==== Dataset extract ====

lemma emeasure_cleb_picks_Cons:
  assumes valid: "valid_state st" and active: "\<not> stopped bd st" and e: "e \<in> cur_out E tlv hdv st"
    and A: "{w \<in> space (exp_weights E). cleb_picks k (walk_step hdv st e, w) = ss} \<in> sets (exp_weights E)"
    and p: "emeasure (exp_weights E) {w \<in> space (exp_weights E). cleb_picks k (walk_step hdv st e, w) = ss}
      = ennreal p" "0 \<le> p"
  shows "{w \<in> space (exp_weights E). cleb_picks (Suc k) (st, w) = Some e # ss} \<in> sets (exp_weights E)
    \<and> emeasure (exp_weights E) {w \<in> space (exp_weights E). cleb_picks (Suc k) (st, w) = Some e # ss}
      = ennreal (p / real (card (cur_out E tlv hdv st)))"
proof -
  let ?M = "exp_weights E" and ?Out = "cur_out E tlv hdv st"
  let ?A = "{w \<in> space ?M. cleb_picks k (walk_step hdv st e, w) = ss}"
  let ?C = "{w \<in> space ?M. cleb_choice ?Out w = e}"
  have Out: "finite ?Out" "?Out \<noteq> {}" "?Out \<subseteq> E"
    using cur_out_finite_nonempty[OF valid active] cur_out_subset[of E tlv hdv st] by simp_all
  have "?C \<inter> residual_weights ?Out e -` ?A = ?C \<inter> (residual_weights ?Out e -` ?A \<inter> space ?M)"
    by blast
  then have "?C \<inter> residual_weights ?Out e -` ?A \<in> sets ?M"
    using sets_cleb_choice[OF Out(1,3)] measurable_sets[OF measurable_residual_weights[OF Out(3) e] A]
    by auto
  moreover have "emeasure ?M (?C \<inter> residual_weights ?Out e -` ?A) = ennreal p / of_nat (card ?Out)"
    using emeasure_cleb_choice_residual[OF Out(1,3) e A] p(1) by simp
  moreover have "\<dots> = ennreal (p / real (card ?Out))"
    using divide_ennreal[OF p(2), of "real (card ?Out)"] Out(1,2)
    by (simp add: ennreal_of_nat_eq_real_of_nat card_gt_0_iff)
  ultimately show ?thesis
    unfolding cleb_picks_Cons_event[OF valid active e] by simp
qed

lemma emeasure_cleb_picks:
  assumes "valid_state st"
  shows "{w \<in> space (exp_weights E). cleb_picks (length ss) (st, w) = ss} \<in> sets (exp_weights E)
    \<and> emeasure (exp_weights E) {w \<in> space (exp_weights E). cleb_picks (length ss) (st, w) = ss}
      = ennreal (lcrw_prob E tlv hdv bd st ss)"
  using assms
proof (induction ss arbitrary: st)
  case Nil
  show ?case
    using prob_space.emeasure_space_1[OF prob_space_exp_weights] by (simp add: cleb_picks_def)
next
  case (Cons s ss)
  let ?M = "exp_weights E" and ?Out = "cur_out E tlv hdv st"
  interpret prob_space ?M by (rule prob_space_exp_weights)
  show ?case
  proof (cases "stopped bd st")
    case True
    then show ?thesis
      by (cases "s # ss = replicate (length (s # ss)) None")
        (simp_all only: cleb_picks_stopped lcrw_prob_stopped, auto simp: emeasure_space_1)
  next
    case active: False
    show ?thesis
    proof (cases "\<exists>e\<in>?Out. s = Some e")
      case True
      then obtain e where s: "s = Some e" and e: "e \<in> ?Out" by blast
      note IH = Cons.IH[OF valid_walk_step[OF Cons.prems e]]
      show ?thesis
        using emeasure_cleb_picks_Cons[OF Cons.prems active e IH[THEN conjunct1] IH[THEN conjunct2]
            lcrw_prob_nonneg] s e active
        by simp
    next
      case False
      then have event: "{w \<in> space ?M. cleb_picks (length (s # ss)) (st, w) = s # ss} = {}"
        using cleb_choice_in_cur_out[OF Cons.prems active] cleb_step_active(1)[OF active]
        by (auto simp: cleb_picks_Suc)
      have "lcrw_prob E tlv hdv bd st (s # ss) = 0"
        using False active by (auto split: option.split)
      then show ?thesis unfolding event by simp
    qed
  qed
qed

end

theorem mainTheorem12:
  fixes V :: "'v set" and E :: "'e set" and tlv hdv :: "'e \<Rightarrow> 'v" and rv :: "'e \<Rightarrow> 'e"
    and bd :: "'v option" and x :: 'v
  assumes "multigraph V E tlv hdv rv"
    and "locally_finite V E tlv"
    and "connected_graph V E tlv hdv"
    and "(finite V \<and> (\<exists>d\<in>V. bd = Some d)) \<or> (infinite V \<and> bd = None)"
    and "x \<in> V"
  shows "\<forall>ss :: 'e option list.
           measure (exp_weights E)
             {w \<in> space (exp_weights E). map (cleb_sel E tlv hdv bd x w) [0..<length ss] = ss}
           = lcrw_prob E tlv hdv bd (init_state x) ss"
proof
  fix ss :: "'e option list"
  interpret cleb_graph V E tlv hdv rv bd
    using assms(1-4) by unfold_locales
  have "map (cleb_sel E tlv hdv bd x w) [0..<length ss] = cleb_picks (length ss) (init_state x, w)" for w
    by (simp add: cleb_picks_def cleb_sel_eq_cleb_pick)
  moreover have "emeasure (exp_weights E) {w \<in> space (exp_weights E). cleb_picks (length ss) (init_state x, w) = ss}
      = ennreal (lcrw_prob E tlv hdv bd (init_state x) ss)"
    using emeasure_cleb_picks[OF valid_init_state[OF assms(5)]] by blast
  ultimately show "measure (exp_weights E)
      {w \<in> space (exp_weights E). map (cleb_sel E tlv hdv bd x w) [0..<length ss] = ss}
    = lcrw_prob E tlv hdv bd (init_state x) ss"
    by (simp add: measure_def lcrw_prob_nonneg)
qed

end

====

Exercise aim>
A single number is required: the count of lines in the records that include the string "option".

Answer below>
4